Ron said:
... Bob and Jimmy are talkin bout the distinction while Fred's talkin
reification. [AND] Where Bob states simply that the discrepancy has value,
Fred seems to cast a rather dour atmosphere in regards to the rendering of one
from the many and
doesn't really seem to value the disecrepancy as much as reacting to the
monistic dominance of values of his day. I see Bob employing the descrepancy
in a useful manner while Fred's more of a deconstructionist.
dmb says:
It's pretty clear that they're all talking about the problem of reification.

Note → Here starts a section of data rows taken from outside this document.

lemma cmod_sum_mult_le:
  fixes a b :: "'i \<Rightarrow> complex"
  shows "cmod (\<Sum>i\<in>I. a i * b i) \<le> sqrt (\<Sum>i\<in>I. (cmod (a i))\<^sup>2) * sqrt (\<Sum>i\<in>I. (cmod (b i))\<^sup>2)"
proof -
  have "cmod (\<Sum>i\<in>I. a i * b i) \<le> (\<Sum>i\<in>I. \<bar>cmod (a i)\<bar> * \<bar>cmod (b i)\<bar>)"
    by (rule order_trans[OF norm_sum]) (simp add: norm_mult)
  also have "\<dots> \<le> L2_set (\<lambda>i. cmod (a i)) I * L2_set (\<lambda>i. cmod (b i)) I"
    by (rule L2_set_mult_ineq)
  finally show ?thesis
    by (simp add: L2_set_def)
qed

lemma sum_expansion_mult_cnj:
  fixes a y :: "_ \<Rightarrow> complex"
  shows "(\<Sum>j\<in>J. (\<Sum>i\<in>I. a i * f i j) * cnj (y j)) = (\<Sum>i\<in>I. a i * cnj (\<Sum>j\<in>J. y j * cnj (f i j)))"
proof -
  have "(\<Sum>j\<in>J. (\<Sum>i\<in>I. a i * f i j) * cnj (y j)) = (\<Sum>j\<in>J. \<Sum>i\<in>I. a i * (f i j * cnj (y j)))"
    by (simp add: sum_distrib_left sum_distrib_right mult_ac)
  also have "\<dots> = (\<Sum>i\<in>I. \<Sum>j\<in>J. a i * (f i j * cnj (y j)))"
    by (rule sum.swap)
  also have "\<dots> = (\<Sum>i\<in>I. a i * cnj (\<Sum>j\<in>J. y j * cnj (f i j)))"
    by (simp add: sum_distrib_left mult.commute)
  finally show ?thesis .
qed

lemma bessel_inequality:
  fixes x :: "'j \<Rightarrow> complex" and f :: "'i \<Rightarrow> 'j \<Rightarrow> complex"
  assumes "finite I"
    and orth: "\<And>i l. i \<in> I \<Longrightarrow> l \<in> I \<Longrightarrow> (\<Sum>j\<in>J. f i j * cnj (f l j)) = (if i = l then 1 else 0)"
  shows "(\<Sum>i\<in>I. (cmod (\<Sum>j\<in>J. x j * cnj (f i j)))\<^sup>2) \<le> (\<Sum>j\<in>J. (cmod (x j))\<^sup>2)"
proof -
  define c where "c i = (\<Sum>j\<in>J. x j * cnj (f i j))" for i
  define P where "P j = (\<Sum>i\<in>I. c i * f i j)" for j
  define S where "S = (\<Sum>i\<in>I. c i * cnj (c i))"
  have P_x: "(\<Sum>j\<in>J. P j * cnj (x j)) = S"
    unfolding P_def sum_expansion_mult_cnj c_def S_def ..
  have P_f: "(\<Sum>j\<in>J. P j * cnj (f l j)) = c l" if "l \<in> I" for l
  proof -
    have "(\<Sum>j\<in>J. P j * cnj (f l j)) = (\<Sum>i\<in>I. c i * cnj (\<Sum>j\<in>J. f l j * cnj (f i j)))"
      unfolding P_def by (rule sum_expansion_mult_cnj)
    also have "\<dots> = (\<Sum>i\<in>I. if i = l then c i else 0)"
      using that by (intro sum.cong refl) (auto simp: orth)
    finally show ?thesis
      using \<open>finite I\<close> that by simp
  qed
  have P_P: "(\<Sum>j\<in>J. P j * cnj (P j)) = S"
  proof -
    have "(\<Sum>j\<in>J. P j * cnj (P j)) = (\<Sum>i\<in>I. c i * cnj (\<Sum>j\<in>J. P j * cnj (f i j)))"
      by (subst (1) P_def) (rule sum_expansion_mult_cnj)
    then show ?thesis
      unfolding S_def using P_f by simp
  qed
  have "cnj S = S"
    by (simp add: S_def mult.commute)
  have "(\<Sum>j\<in>J. (x j - P j) * cnj (x j - P j))
      = (\<Sum>j\<in>J. x j * cnj (x j)) - cnj (\<Sum>j\<in>J. P j * cnj (x j)) - (\<Sum>j\<in>J. P j * cnj (x j))
        + (\<Sum>j\<in>J. P j * cnj (P j))"
    by (simp add: sum.distrib sum_subtractf algebra_simps)
  also have "\<dots> = (\<Sum>j\<in>J. x j * cnj (x j)) - S"
    using P_x P_P \<open>cnj S = S\<close> by simp
  finally have "complex_of_real (\<Sum>j\<in>J. (cmod (x j - P j))\<^sup>2)
      = complex_of_real ((\<Sum>j\<in>J. (cmod (x j))\<^sup>2) - (\<Sum>i\<in>I. (cmod (c i))\<^sup>2))"
    unfolding S_def by (simp only: of_real_sum of_real_diff complex_norm_square)
  then have "(\<Sum>j\<in>J. (cmod (x j - P j))\<^sup>2) = (\<Sum>j\<in>J. (cmod (x j))\<^sup>2) - (\<Sum>i\<in>I. (cmod (c i))\<^sup>2)"
    by (simp only: of_real_eq_iff)
  moreover have "(\<Sum>j\<in>J. (cmod (x j - P j))\<^sup>2) \<ge> 0"
    by (simp add: sum_nonneg)
  ultimately show ?thesis
    unfolding c_def by linarith
qed

section \<open>Adjoints, traces and unitary matrices\<close>

lemma dim_adjoint [simp]:
  "dim_row (mat_adjoint A) = dim_col A" "dim_col (mat_adjoint A) = dim_row A"
  unfolding mat_adjoint_def by auto

lemma index_adjoint [simp]:
  "i < dim_col A \<Longrightarrow> j < dim_row A \<Longrightarrow> mat_adjoint A $$ (i, j) = cnj (A $$ (j, i))"
  unfolding mat_adjoint_def by (auto simp: mat_of_rows_def)

lemma adjoint_carrier [simp]: "A \<in> carrier_mat n m \<Longrightarrow> mat_adjoint A \<in> carrier_mat m n"
  unfolding carrier_mat_def by simp

lemma adjoint_adjoint [simp]: "mat_adjoint (mat_adjoint A) = (A :: complex mat)"
  by (rule eq_matI) auto

lemma adjoint_one [simp]: "mat_adjoint (1\<^sub>m n) = (1\<^sub>m n :: complex mat)"
  by (rule eq_matI) auto

lemma adjoint_mult:
  fixes A B :: "complex mat"
  assumes "A \<in> carrier_mat n m" and "B \<in> carrier_mat m k"
  shows "mat_adjoint (A * B) = mat_adjoint B * mat_adjoint A"
proof (rule eq_matI)
  fix i j assume "i < dim_row (mat_adjoint B * mat_adjoint A)" "j < dim_col (mat_adjoint B * mat_adjoint A)"
  then have i: "i < k" and j: "j < n" using assms by auto
  have "mat_adjoint (A * B) $$ (i, j) = cnj (\<Sum>l<m. A $$ (j, l) * B $$ (l, i))"
    using assms i j by (auto simp: scalar_prod_def atLeast0LessThan)
  also have "\<dots> = (\<Sum>l<m. cnj (B $$ (l, i)) * cnj (A $$ (j, l)))"
    by (simp add: mult.commute)
  also have "\<dots> = (mat_adjoint B * mat_adjoint A) $$ (i, j)"
    using assms i j by (auto simp: scalar_prod_def atLeast0LessThan)
  finally show "mat_adjoint (A * B) $$ (i, j) = (mat_adjoint B * mat_adjoint A) $$ (i, j)" .
qed (use assms in auto)

lemma adjoint_minus:
  "A \<in> carrier_mat n m \<Longrightarrow> B \<in> carrier_mat n m \<Longrightarrow> mat_adjoint (A - B :: complex mat) = mat_adjoint A - mat_adjoint B"
  by (rule eq_matI) auto

lemma adjoint_four_block_mat:
  fixes A B C D :: "complex mat"
  assumes "A \<in> carrier_mat n1 m1" "B \<in> carrier_mat n1 m2" "C \<in> carrier_mat n2 m1" "D \<in> carrier_mat n2 m2"
  shows "mat_adjoint (four_block_mat A B C D) =
    four_block_mat (mat_adjoint A) (mat_adjoint C) (mat_adjoint B) (mat_adjoint D)"
  by (rule eq_matI) (use assms in auto)
lemma dual_feasible_if_primal_below:
  fixes K :: "(real^'k) set" and Q :: "'i \<Rightarrow> real^'k^'k"
  assumes "closed K" "convex K" "cone K"
    and "{x \<in> K. e \<bullet> x = 1} \<noteq> {}" "bounded {x \<in> K. e \<bullet> x = 1}"
    and "finite I" "\<forall>i\<in>I. Q i \<in> symmetric_matrices" "Q0 \<in> symmetric_matrices"
    and below: "\<And>X. X \<in> CP K \<Longrightarrow> outer e e \<bullet> X = 1 \<Longrightarrow> \<forall>i\<in>I. Q i \<bullet> X = 0 \<Longrightarrow> Q0 \<bullet> X < r"
  shows "\<exists>\<psi>. r *\<^sub>R outer e e + (\<Sum>i\<in>I. \<psi> i *\<^sub>R Q i) - Q0 \<in> COP K"
proof -
  let ?G = "{y \<in> K. \<bar>e \<bullet> y\<bar> = 1}"
  let ?C = "convex hull ((\<lambda>y. outer y y) ` ?G)"
  have C_sub: "?C \<subseteq> {X \<in> CP K. outer e e \<bullet> X = 1}"
    by (rule convex_hull_outer_subset_CP) auto
  have "compact ?G"
    using compact_bounded_base_cone_abs_slice[OF assms(2-5,1)] .
  then have "compact ?C"
    by (intro compact_convex_hull compact_continuous_image) (auto simp: outer_def intro!: continuous_intros)
  moreover have "?C \<noteq> {}"
    using assms(4) by auto
  moreover have "Q0 \<bullet> X < r" if "X \<in> ?C" "\<forall>i\<in>I. Q i \<bullet> X = 0" for X
    using that C_sub below by blast
  ultimately obtain \<psi> where \<psi>: "\<forall>X\<in>?C. Q0 \<bullet> X - (\<Sum>i\<in>I. \<psi> i * (Q i \<bullet> X)) \<le> r"
    using lagrange_multipliers_compact_convex[OF assms(6) _ convex_convex_hull] by blast
  have "r *\<^sub>R outer e e + (\<Sum>i\<in>I. \<psi> i *\<^sub>R Q i) - Q0 \<in> COP K"
  proof (rule COP_if_nonneg_on_generators)
    show "r *\<^sub>R outer e e + (\<Sum>i\<in>I. \<psi> i *\<^sub>R Q i) - Q0 \<in> symmetric_matrices"
      using subspace_symmetric_matrices assms(7,8)
      by (intro subspace_diff subspace_add subspace_scale subspace_sum outer_in_symmetric_matrices) auto
    show "\<exists>c. \<exists>y\<in>?G. x = c *\<^sub>R y" if "x \<in> K" for x
      using bounded_base_cone_scaleR_decomp[OF assms(2-5) that] .
  next
    fix y
    assume "y \<in> ?G"
    then have "outer y y \<in> ?C"
      by (intro hull_inc imageI)
    then have "Q0 \<bullet> outer y y - (\<Sum>i\<in>I. \<psi> i * (Q i \<bullet> outer y y)) \<le> r"
      and "outer e e \<bullet> outer y y = 1"
      using \<psi> C_sub by blast+
    then show "0 \<le> y \<bullet> ((r *\<^sub>R outer e e + (\<Sum>i\<in>I. \<psi> i *\<^sub>R Q i) - Q0) *v y)"
      by (simp add: inner_matrix_vector_mult_eq_inner_outer inner_diff_left inner_add_left inner_sum_left)
  qed
  then show ?thesis
    by blast
qed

Fred complains about the "original model" of Honesty or the Leaf. But in other
contexts we know that Fred, Will and Bob all take sides with the Sophists and
otherwise oppose the "vicious intellectualism" of Plato and Socrates. Plato
took the idea of the good from the Sophists and tried to encapsulate it in a
"fixed and eternal" Form, the Form of the Good. He also did this with Justice,
Truth, Beauty but not, apparently with things like leaves or hair. I guess they
are noble enough to deserve their own Forms, or something. Anyway, in this
particular context we can see that Will and Bob are talking about the
reification problem with subjects and objects, which are more consequential
examples of reified concepts. The sentence I originally posted from them
("There must always be a discrepancy between concepts and reality,..") is just
a condensed version of the sentences that come before it, Pirsig says.
Check it out...
As Pirsig describes it, James's radical empiricism says...
"...subjects and objects are not the starting points of experience. Subjects
and objects are secondary. They are concepts derived from something more
fundamental which he described as 'the immediate flux of life which furnishes
the material to our later reflection with its conceptual categories'. In this
basic flux of experience the distinctions of reflective thought, such as those
between consciousness and content, subject and object, mind and matter have not
yet emerged in the forms which we make them. Pure experience cannot be called
either physical or psychical. It logically proceeds this distinction. In his
last unfinished work, Some Problems in Philosophy, James had condensed this
description to a single sentence: 'There must always be a discrepancy between
concepts and reality, because the former are static and discontinuous, while
the latter is dynamic and flowing.' Here James had chosen exactly the same
words Phaedrus had used for the basic subdivision of the Metaph
ysics of Quality."
When concepts are reified, they are treated as MORE than concepts. They are
taken as MORE real than the empirical reality from which they were derived in
the first place. They are taken as the starting points of reality, as
ontologically primary. The MOQ re-asserts the primacy of the experiential
reality itself and says that concepts are always secondary, always derived from
that primary empirical reality, from the experiential flux. This pre-conceptual
experience is starting point of reality for all these guys.
As Charlene Seigfried puts it, paraphrasing William James, "abstractionism had
become vicious already with Socrates and Plato, who deified conceptualization
and denigrated the ever-changing flow of experience, thus forgetting and
falsifying the origin of concepts as humanly constructed extracts from the
temporal flux." (William James's Radical Reconstruction of Philosophy, 379.)
In other words, the problem is taking ideas as something MORE than man-made
concepts and forgetting that they were extracted from the flux of human
experience in first place. The problem is NOT seeing that man is a participant
in the creation of all things, NOT seeing that our reality is an evolved
construction of our own making. Instead, says Plato and Kant and every
viciously intellectual philosopher, reality is beyond our dirty old temporal,
sensible life. We're all stuck in a cave and the real reality is beyond this
world of appearances, beyond our experience. The MOQ gives that notion a big
fat raspberry. It says experience IS reality. All that talk about forms and
substances and essences is a bunch of nonsense. The ever-changing flow of
experience is not a crypto-religious metaphysical abstraction, Pirsig says, it
is reality itself. And our ideas function well in relation to that (and in
relation to all other relevant ideas) or they aren't any good.